#### DIRECTIONS FOR THIS TASK
Given the records below, pull every line with the word "have" into the answer.

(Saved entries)

definition nG1 :: "bool \<Rightarrow> ('a::real_normed_vector \<Rightarrow> 'a) \<Rightarrow> ('b::real_normed_vector \<Rightarrow> 'b)
    \<Rightarrow> ('a \<Rightarrow> 'b) \<Rightarrow> real" where
  "nG1 cplx JX JY G = Inf {Gnorm G T | T. kop cplx JX JY T \<and> onorm T = 1}"

definition nG2 :: "bool \<Rightarrow> ('a::real_normed_vector \<Rightarrow> 'a) \<Rightarrow> ('b::real_normed_vector \<Rightarrow> 'b)
    \<Rightarrow> ('a \<Rightarrow> 'b) \<Rightarrow> real" where
  "nG2 cplx JX JY G = Inf {nradius cplx JY G T | T. kop cplx JX JY T \<and> Gnorm G T = 1}"

definition Gnorm_is_norm :: "bool \<Rightarrow> ('a::real_normed_vector \<Rightarrow> 'a) \<Rightarrow> ('b::real_normed_vector \<Rightarrow> 'b)
    \<Rightarrow> ('a \<Rightarrow> 'b) \<Rightarrow> bool" where
  "Gnorm_is_norm cplx JX JY G \<longleftrightarrow>
     (\<forall>T. kop cplx JX JY T \<longrightarrow> 0 \<le> Gnorm G T \<and> (Gnorm G T = 0 \<longleftrightarrow> T = (\<lambda>x. 0))) \<and>
     (\<forall>T S. kop cplx JX JY T \<and> kop cplx JX JY S \<longrightarrow>
         Gnorm G (\<lambda>x. T x + S x) \<le> Gnorm G T + Gnorm G S) \<and>
     (\<forall>T c. kop cplx JX JY T \<longrightarrow> Gnorm G (\<lambda>x. c *\<^sub>R T x) = \<bar>c\<bar> * Gnorm G T) \<and>
     (\<forall>T a b. cplx \<and> kop cplx JX JY T \<longrightarrow>
         Gnorm G (\<lambda>x. a *\<^sub>R T x + b *\<^sub>R JY (T x)) = cmod (Complex a b) * Gnorm G T)"

end

theory Submission
  imports Defs
begin

text \<open>
The G-numerical radius never exceeds the G-norm, and both are positively homogeneous.
Normalising ||T||_G = 1, the definition of n_G^(2) as an infimum gives
n_G^(2) ||T||_G <= nu_G(T) for every T, so n_G^(2) = 1 forces nu_G(T) = ||T||_G,
and the infima defining n_G and n_G^(1) range over the same set of numbers.
The analytic input is that V_G(T) is nonempty: norming functionals (Hahn-Banach, via
Zorn's lemma on graphs of norm-dominated partial functionals) of vectors G x with
||G x|| close to 1 produce points of the nested, bounded approximating sets, whose
closures then have a common point.
\<close>

definition norm_dominated_graph :: "('a::real_normed_vector \<times> real) set \<Rightarrow> bool" where
  "norm_dominated_graph H \<longleftrightarrow> subspace H \<and> (\<forall>(v, a)\<in>H. a \<le> norm v)"

lemma norm_dominated_graphD:
  assumes "norm_dominated_graph H"
  shows "subspace H" and "(v, a) \<in> H \<Longrightarrow> a \<le> norm v"
  using assms unfolding norm_dominated_graph_def by auto

lemma norm_dominated_graph_unique:
  assumes H: "norm_dominated_graph H" and "(v, a) \<in> H" "(v, b) \<in> H"
  shows "a = b"
proof -
  have "(0, a - b) \<in> H" and "(0, b - a) \<in> H"
    using subspace_diff[OF norm_dominated_graphD(1)[OF H]] assms(2,3) by force+
  then have "a - b \<le> 0" and "b - a \<le> 0"
    using norm_dominated_graphD(2)[OF H] by fastforce+
  then show ?thesis by simp
qed

lemma subspace_Union_chain:
  assumes "\<C> \<noteq> {}" "\<And>S. S \<in> \<C> \<Longrightarrow> subspace S"
    and chain: "\<And>S T. S \<in> \<C> \<Longrightarrow> T \<in> \<C> \<Longrightarrow> S \<subseteq> T \<or> T \<subseteq> S"
  shows "subspace (\<Union>\<C>)"
  unfolding subspace_def
proof (intro conjI ballI allI)
  show "0 \<in> \<Union>\<C>" using assms(1,2) subspace_0 by blast
next
  fix x y assume "x \<in> \<Union>\<C>" "y \<in> \<Union>\<C>"
  then obtain S where "S \<in> \<C>" "x \<in> S" "y \<in> S" using chain by blast
  then show "x + y \<in> \<Union>\<C>" using assms(2) subspace_add by blast
next
  fix c x assume "x \<in> \<Union>\<C>"
  then show "c *\<^sub>R x \<in> \<Union>\<C>" using assms(2) subspace_scale by blast
qed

#### YOUR SOLUTION
closures then have a common point.
  have "(0, a - b) \<in> H" and "(0, b - a) \<in> H"
  then have "a - b \<le> 0" and "b - a \<le> 0"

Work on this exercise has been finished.